# Speeding things up a little ?



## Chaotik (May 30, 2016)

I have started my first batch ever of SP 2 weeks ago.
Primary fermentation completed to a little under 1.0 in SG.
Saturday AM I degassed, added sorbate, K-meta and Spakalloid.
Right now, 2 days later, the carboy is almost see through. It has cleared so quickly it's mesmerizing. It was my first time with sparkalloid !
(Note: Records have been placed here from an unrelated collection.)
(* Let $p$ be an odd prime, $e\ge1$, $s\in\mathbb{F}_p^*$, $a\in\mathbb{F}_p$ and $b\in\mathbb{F}_{p^e}$. Let $f\in\mathcal{RF}$ with $\varepsilon\in\{\pm1\}$ the sign of its Walsh transform and $f^*$ its dual. Let $N_s$ be the number of $x\in\mathbb{F}_{p^e}$ with $af(x)+\mathrm{Tr}_{p^e/p}(bx)=s$. If $e$ is even, then $N_s=0$ if $a=0,b=0$; $N_s=p^{e-1}$ if $a=0,b\ne0$; $N_s=p^{e-1}+\frac{\varepsilon(p-1)\sqrt{p^*}^e}{p}$ if $a\ne0$ and $f^*(-b/a)=a^{-1}s$; and $N_s=p^{e-1}-\frac{\varepsilon\sqrt{p^*}^e}{p}$ if $a\ne0$ and $f^*(-b/a)\ne a^{-1}s$. If $e$ is odd, then $N_s=0$ if $a=0,b=0$; $N_s=p^{e-1}$ if $a=0,b\ne0$, or if $a\ne0$ and $f^*(-b/a)=a^{-1}s$; $N_s=p^{e-1}+\frac{\varepsilon\sqrt{p^*}^eG(\eta_0,\lambda_1)}{p}$ if $a\ne0$, $f^*(-b/a)\ne a^{-1}s$ and $\eta_0(f^*(-b/a)-a^{-1}s)=1$; and $N_s=p^{e-1}-\frac{\varepsilon\sqrt{p^*}^eG(\eta_0,\lambda_1)}{p}$ if $a\ne0$, $f^*(-b/a)\ne a^{-1}s$ and $\eta_0(f^*(-b/a)-a^{-1}s)=-1$.
   Context: $\zeta_p=e^{2\pi i/p}$; $\mathrm{Tr}_{p^e/p}$ is the trace map; $p^*=(-1)^{(p-1)/2}p$ with $\sqrt{p^*}=\sqrt p$ if $p\equiv1\pmod4$ and $\sqrt{-1}\sqrt p$ otherwise; $\eta_0$ is the quadratic character of $\mathbb{F}_p$, $\lambda_1(y)=\zeta_p^y$, and $G(\eta_0,\lambda_1)=\sum_{y\in\mathbb{F}_p^*}\eta_0(y)\zeta_p^y=\sqrt{-1}^{((p-1)/2)^2}\sqrt p$. A function $f:\mathbb{F}_{p^e}\to\mathbb{F}_p$ is weakly regular bent with sign $\varepsilon\in\{\pm1\}$ and dual $f^*:\mathbb{F}_{p^e}\to\mathbb{F}_p$ if $\sum_{x}\zeta_p^{f(x)-\mathrm{Tr}_{p^e/p}(\beta x)}=\varepsilon\sqrt{p^*}^e\zeta_p^{f^*(\beta)}$ for all $\beta\in\mathbb{F}_{p^e}$. $\mathcal{RF}$ is the set of weakly regular bent $f$ with $f(0)=0$ and $f(ax)=a^hf(x)$ for all $a\in\mathbb{F}_p^*$, $x\in\mathbb{F}_{p^e}$, for some positive even integer $h$ with $\gcd(h-1,p-1)=1$. *)

theory Defs
  imports "HOL-Number_Theory.Number_Theory" "HOL-Analysis.Analysis"
begin

text \<open>F_{p^e} is a finite field type 'a with CARD('a) = p^e.
  F_p is identified with the prime subfield of 'a, i.e. the image of the integers.
  Functions into F_p are functions 'a => 'a with values in the prime subfield.\<close>

definition prime_subfield :: "'a::field set" where
  "prime_subfield = range (of_int :: int \<Rightarrow> 'a)"

definition tr :: "nat \<Rightarrow> nat \<Rightarrow> 'a::field \<Rightarrow> 'a" where
  "tr p e x = (\<Sum>i<e. x ^ (p ^ i))"

definition fp_idx :: "nat \<Rightarrow> 'a::field \<Rightarrow> nat" where
  "fp_idx p y = (THE k. k < p \<and> of_nat k = y)"

definition zeta_pow :: "nat \<Rightarrow> 'a::field \<Rightarrow> complex" where
  "zeta_pow p y = exp (2 * pi * \<i> * of_nat (fp_idx p y) / of_nat p)"

definition eta0 :: "nat \<Rightarrow> 'a::field \<Rightarrow> int" where
  "eta0 p y = Legendre (int (fp_idx p y)) (int p)"

definition sqrt_pstar :: "nat \<Rightarrow> complex" where
  "sqrt_pstar p = (if p mod 4 = 1 then complex_of_real (sqrt (real p))
                   else \<i> * complex_of_real (sqrt (real p)))"

definition gauss_sum :: "nat \<Rightarrow> 'a::field itself \<Rightarrow> complex" where
  "gauss_sum p T = (\<Sum>y\<in>prime_subfield - {0::'a}. of_int (eta0 p y) * zeta_pow p y)"

definition weakly_regular_bent ::
  "nat \<Rightarrow> nat \<Rightarrow> ('a::{field,finite} \<Rightarrow> 'a) \<Rightarrow> int \<Rightarrow> ('a \<Rightarrow> 'a) \<Rightarrow> bool" where
  "weakly_regular_bent p e f eps fstar \<longleftrightarrow>
     eps \<in> {1, -1} \<and> (\<forall>x. f x \<in> prime_subfield) \<and> (\<forall>x. fstar x \<in> prime_subfield) \<and>
     (\<forall>\<beta>. (\<Sum>x\<in>UNIV. zeta_pow p (f x - tr p e (\<beta> * x)))
            = of_int eps * sqrt_pstar p ^ e * zeta_pow p (fstar \<beta>))"

definition in_RF ::
  "nat \<Rightarrow> nat \<Rightarrow> ('a::{field,finite} \<Rightarrow> 'a) \<Rightarrow> int \<Rightarrow> ('a \<Rightarrow> 'a) \<Rightarrow> bool" where
  "in_RF p e f eps fstar \<longleftrightarrow>
     weakly_regular_bent p e f eps fstar \<and> f 0 = 0 \<and>
     (\<exists>h::nat. h > 0 \<and> even h \<and> gcd (h - 1) (p - 1) = 1 \<and>
        (\<forall>a\<in>prime_subfield - {0}. \<forall>x. f (a * x) = a ^ h * f x))"

definition num_sol :: "nat \<Rightarrow> nat \<Rightarrow> ('a::{field,finite} \<Rightarrow> 'a) \<Rightarrow> 'a \<Rightarrow> 'a \<Rightarrow> 'a \<Rightarrow> nat" where
  "num_sol p e f a b s = card {x. a * f x + tr p e (b * x) = s}"

end

theory Submission
  imports Defs "HOL-Computational_Algebra.Polynomial_Factorial"
begin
The recipe says to wait 2 weeks before sweetening and another 2 weeks after that before bottling. Is it really necessary to wait that long ?


----------



## Tnuscan (May 30, 2016)

Your sg number confuses me??
I always give it at least two weeks to clear.


----------



## Julie (May 30, 2016)

What is "a little under 1.0"? If you have a reading around .994 I would go ahead and backsweeten, you are going to probably need to rack again, give it about two weeks, rack and wait at least a week, I would do two weeks and go ahead and bottle. Also, taste it a couple of days after you backsweeten to make sure it is as sweet as you want.


----------



## Ang (Jul 26, 2016)

I know some folks who rack into a smaller Carboy and keep a gallon or so to drink in the mean time. Only bottling the "good stuff". They generally don't save or share much but what they do share is done properly. I have done that occasionally when I just can't wait!!!! Just know it won't be at its best!


----------



## Ang (Jul 26, 2016)

Excuse me, I am only a week into my first SP. I was referring to mostly country wines. I've noticed this Skeeter Pee doesn't smell very good so far, not as tempted to taste! I am being careful to whip it as per directions.


----------



## Ang (Jul 26, 2016)

I think I get your SG. Why bother with redundant zeros, right?


----------